A planet gear is preferably used as a gearing, whereby said planet gear comprises an input shaft coupled to the electric motor, an output shaft and a gearing housing coupled to the input shaft and to the output shaft. According to the invention the input shaft, the output shaft and the gearing housing are mounted so as to be rotatable in the carriage, whereby one of the drive elements is coupled to the gearing housing and the other drive element is coupled to the output shaft. It is in principle also possible to couple one of said drive elements or a further drive element to the input shaft. This is the case in particular when a further gearing is integrated within the motor.
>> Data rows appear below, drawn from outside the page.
lemma disc_ret_Suc:
  assumes fb: "finitely_branching E \<pi>"
  shows "disc_ret E \<pi> R \<gamma> (Suc n) = disc_ret E \<pi> R \<gamma> n
      + \<gamma> ^ n * measure_pmf.expectation (traj E \<pi> n) (\<lambda>x. expected_reward E \<pi> R (snd x))"
proof -
  define F where "F h = (\<Sum>t<length h. \<gamma> ^ t * (case h ! t of (s0, a, s1) \<Rightarrow> R s0 a s1))" for h
  have F_snoc: "F (h @ [(s, a, s')]) = F h + \<gamma> ^ length h * R s a s'" for h s a s'
    unfolding F_def by (simp add: nth_append)
  have disc_ret_F: "disc_ret E \<pi> R \<gamma> m = measure_pmf.expectation (traj E \<pi> m) (\<lambda>x. F (fst x))" for m
    unfolding disc_ret_def F_def by (rule Bochner_Integration.integral_cong) (auto simp: split_beta)
  have fin: "\<forall>s. finite (set_pmf (\<pi> s))" "\<forall>s a. finite (set_pmf (Tr E s a))"
    using fb by (auto simp: finitely_branching_def)
  have "disc_ret E \<pi> R \<gamma> (Suc n) = measure_pmf.expectation (traj E \<pi> n)
          (\<lambda>x. F (fst x) + \<gamma> ^ n * expected_reward E \<pi> R (snd x))"
    unfolding disc_ret_F expectation_traj_Suc[OF fb]
    using fin length_traj[of _ E \<pi> n]
    by (intro expectation_pmf_cong)
       (auto simp: split_beta F_snoc expected_reward_def integrable_measure_pmf_finite)
  also have "\<dots> = disc_ret E \<pi> R \<gamma> n
       + \<gamma> ^ n * measure_pmf.expectation (traj E \<pi> n) (\<lambda>x. expected_reward E \<pi> R (snd x))"
    using finite_set_pmf_traj[OF fb] by (simp add: disc_ret_F integrable_measure_pmf_finite)
  finally show ?thesis .
qed

lemma expectation_traj_Suc_state:
  fixes g :: "nat \<Rightarrow> real"
  assumes "finitely_branching E \<pi>"
  shows "measure_pmf.expectation (traj E \<pi> (Suc n)) (\<lambda>x. g (snd x))
     = measure_pmf.expectation (traj E \<pi> n) (\<lambda>x. expected_reward E \<pi> (\<lambda>s a s'. g s') (snd x))"
  unfolding expectation_traj_Suc[OF assms]
  by (rule Bochner_Integration.integral_cong) (auto simp: split_beta expected_reward_def)

lemma preorder_on_induced_ord: "preorder_on (policies E) (induced_ord E J)"
  unfolding preorder_on_def induced_ord_def refl_on_def trans_def by auto

lemma total_on_induced_ord: "total_on (policies E) (induced_ord E J)"
  unfolding total_on_def induced_ord_def by auto

lemma induced_ord_eq_tie:
  assumes "induced_ord E J1 = induced_ord E J2" "\<pi>1 \<in> policies E" "\<pi>2 \<in> policies E"
    and "J2 \<pi>1 = J2 \<pi>2"
  shows "J1 \<pi>1 = J1 \<pi>2"
proof -
  have "(\<pi>1, \<pi>2) \<in> induced_ord E J1" "(\<pi>2, \<pi>1) \<in> induced_ord E J1"
    using assms unfolding assms(1) by (auto simp: induced_ord_def)
  then show ?thesis by (simp add: induced_ord_def)
qed

lemma IVT_sign_change:
  fixes f :: "real \<Rightarrow> real"
  assumes "a \<le> b" "continuous_on {a..b} f" "f a * f b \<le> 0"
  obtains x where "x \<in> {a..b}" "f x = 0"
proof -
  have "f a \<le> 0 \<and> 0 \<le> f b \<or> f b \<le> 0 \<and> 0 \<le> f a"
    using assms(3) by (auto simp: mult_le_0_iff)
  then show ?thesis
    using IVT'[of f a 0 b] IVT2'[of f b 0 a] assms(1,2) that by auto
qed

lemma same_sign_ratio:
  fixes x y :: real
  assumes "x * y > 0"
  obtains t where "0 < t" "t \<le> 1" "x = t * y \<or> y = t * x"
proof (cases "\<bar>x\<bar> \<le> \<bar>y\<bar>")
  case True
  with assms show ?thesis
    by (intro that[of "x / y"]) (auto simp: zero_less_mult_iff zero_less_divide_iff abs_le_iff divide_le_eq)
next
  case False
  with assms show ?thesis
    by (intro that[of "y / x"]) (auto simp: zero_less_mult_iff zero_less_divide_iff abs_le_iff divide_le_eq)
qed

definition trap_env :: env where
  "trap_env = \<lparr>St = {0, 1}, Ac = {0, 1},
     Tr = (\<lambda>s a. return_pmf (if s = 0 \<and> a = 0 then 0 else 1)), In = return_pmf 0\<rparr>"

definition bit_pmf :: "real \<Rightarrow> nat pmf" where
  "bit_pmf x = map_pmf (\<lambda>b. if b then 1 else 0) (bernoulli_pmf x)"

definition trap_policy :: "real \<Rightarrow> real \<Rightarrow> nat \<Rightarrow> nat pmf" where
  "trap_policy p q s = (if s = 0 then bit_pmf p else if s = 1 then bit_pmf q else return_pmf 0)"

lemma set_bit_pmf: "set_pmf (bit_pmf x) \<subseteq> {0, 1}"
  unfolding bit_pmf_def by auto

lemma expectation_bit_pmf:
  fixes k :: "nat \<Rightarrow> real"
  assumes "0 \<le> x" "x \<le> 1"
  shows "measure_pmf.expectation (bit_pmf x) k = x * k 1 + (1 - x) * k 0"
  unfolding bit_pmf_def using assms by (simp add: mult.commute)

lemma valid_trap_env: "valid_env trap_env"
  unfolding valid_env_def trap_env_def by auto

lemma trap_policy_in_policies: "trap_policy p q \<in> policies trap_env"
  unfolding policies_def trap_env_def trap_policy_def using set_bit_pmf by auto

lemma finitely_branching_trap: "finitely_branching trap_env (trap_policy p q)"
  unfolding finitely_branching_def trap_env_def trap_policy_def
  using set_bit_pmf by (auto intro: finite_subset)

lemma expected_reward_trap:
  assumes "0 \<le> p" "p \<le> 1" "0 \<le> q" "q \<le> 1"
  shows "expected_reward trap_env (trap_policy p q) R 0 = (1 - p) * R 0 0 0 + p * R 0 1 1"
    and "expected_reward trap_env (trap_policy p q) R 1 = (1 - q) * R 1 0 1 + q * R 1 1 1"
  using assms
  by (simp_all add: expected_reward_def trap_policy_def expectation_bit_pmf trap_env_def algebra_simps)

lemma expectation_trap_state:
  fixes g :: "nat \<Rightarrow> real"
  assumes "0 \<le> p" "p \<le> 1" "0 \<le> q" "q \<le> 1"
  shows "measure_pmf.expectation (traj trap_env (trap_policy p q) n) (\<lambda>x. g (snd x))
        = (1 - p) ^ n * g 0 + (1 - (1 - p) ^ n) * g 1"
proof (induction n arbitrary: g)
  case 0
  then show ?case by (simp add: trap_env_def)
next
  case (Suc n)
  show ?case
    unfolding expectation_traj_Suc_state[OF finitely_branching_trap] Suc.IH
    \<comment> \<open>\<open>simplified\<close> rewrites the state \<open>1::nat\<close> to the simp normal form \<open>Suc 0\<close>\<close>
    using assms by (simp add: expected_reward_trap[simplified] algebra_simps)
qed

lemma disc_ret_trap:
  assumes "0 \<le> p" "p \<le> 1" "0 \<le> q" "q \<le> 1"
  shows "disc_ret trap_env (trap_policy p q) R \<gamma> N = (\<Sum>n<N. \<gamma> ^ n *
       ((1 - p) ^ n * ((1 - p) * R 0 0 0 + p * R 0 1 1)
        + (1 - (1 - p) ^ n) * ((1 - q) * R 1 0 1 + q * R 1 1 1)))"
  using assms
  by (induction N)
     (simp_all add: disc_ret_0 disc_ret_Suc[OF finitely_branching_trap] expectation_trap_state
       expected_reward_trap[simplified])

definition trap_reward :: "nat \<Rightarrow> nat \<Rightarrow> nat \<Rightarrow> real" where
  "trap_reward s a s' = (if s = 1 \<and> a = 1 then 1 else 0)"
The main structure of a planet gear is shown and described for example at http://de.wikepedia.org/wiki/Planetengetriebe. Planet gears typically comprise a planet carrier rotatable about an axis of rotation, having at least one toothed planet wheel arranged on the planet carrier, said planet wheel being coupled on the one hand to a centrally arranged, toothed sun wheel and on the other hand to a hollow wheel having an inner toothing. The planet wheels rotate around the sun wheel and thereby roll on the inner toothing of the hollow wheel. If the hollow wheel is held stationary, a certain number of rotations of the planet wheels and thus a corresponding number of rotations of the sun wheel arise with each rotation of the planet carrier. If the output shaft is held stationary with the sun wheel, the hollow wheel rotates on the other hand.
According to the invention the planet gear is installed and mounted such that all parts are mounted so that they can rotate. The hollow wheel and the output shaft are thus driven by the drive motor and the input shaft and are each equipped with a preferably toothed first or second drive element.
The input shaft or the output shaft can thereby be coupled to the planet wheels or the carrier thereof or to the sun wheel. The hollow wheel is fixedly connected to the housing of the planet gear, which thus rotates at the same angular speed as the hollow wheel. The rotation axes of the input shaft, the output shaft and the gearing housing preferably extend coaxially with each other, meaning that the drive device can have an extraordinarily compact structure.
The drive device is preferably incorporated into the carriage such that the rotation axes of the output shaft and of the gearing housing are perpendicular to the main axis of the rail and preferably perpendicular or parallel to the rotation axes of the running wheels. The drive device can therefore be integrated into the carriage in a horizontal, longitudinal, transverse or vertical position. The drive elements can thereby effect in varied ways, directly or indirectly, the displacement and rotation of the separation element or the drive of the carriage.
Two conductor rails are preferably provided within the rail, which are contacted by electrical contacts provided laterally on the carriage or on top of the carriage. Furthermore the drive device can also be supplied by an accumulator integrated into the carriage.
In a further preferred embodiment a mounting shaft serving to hold a separation element is mounted so as to be rotatable in the carriage body and arranged parallel to the output shaft, said mounting shaft being coupled via a preferably toothed connection element to the second drive element. The mounting of the separation element is thus decoupled from the drive device, which merely causes the rotation of the separation element via the second drive element. However, it is also possible for the separation element to be connected to the output shaft in a direct, rotatable or fixed way.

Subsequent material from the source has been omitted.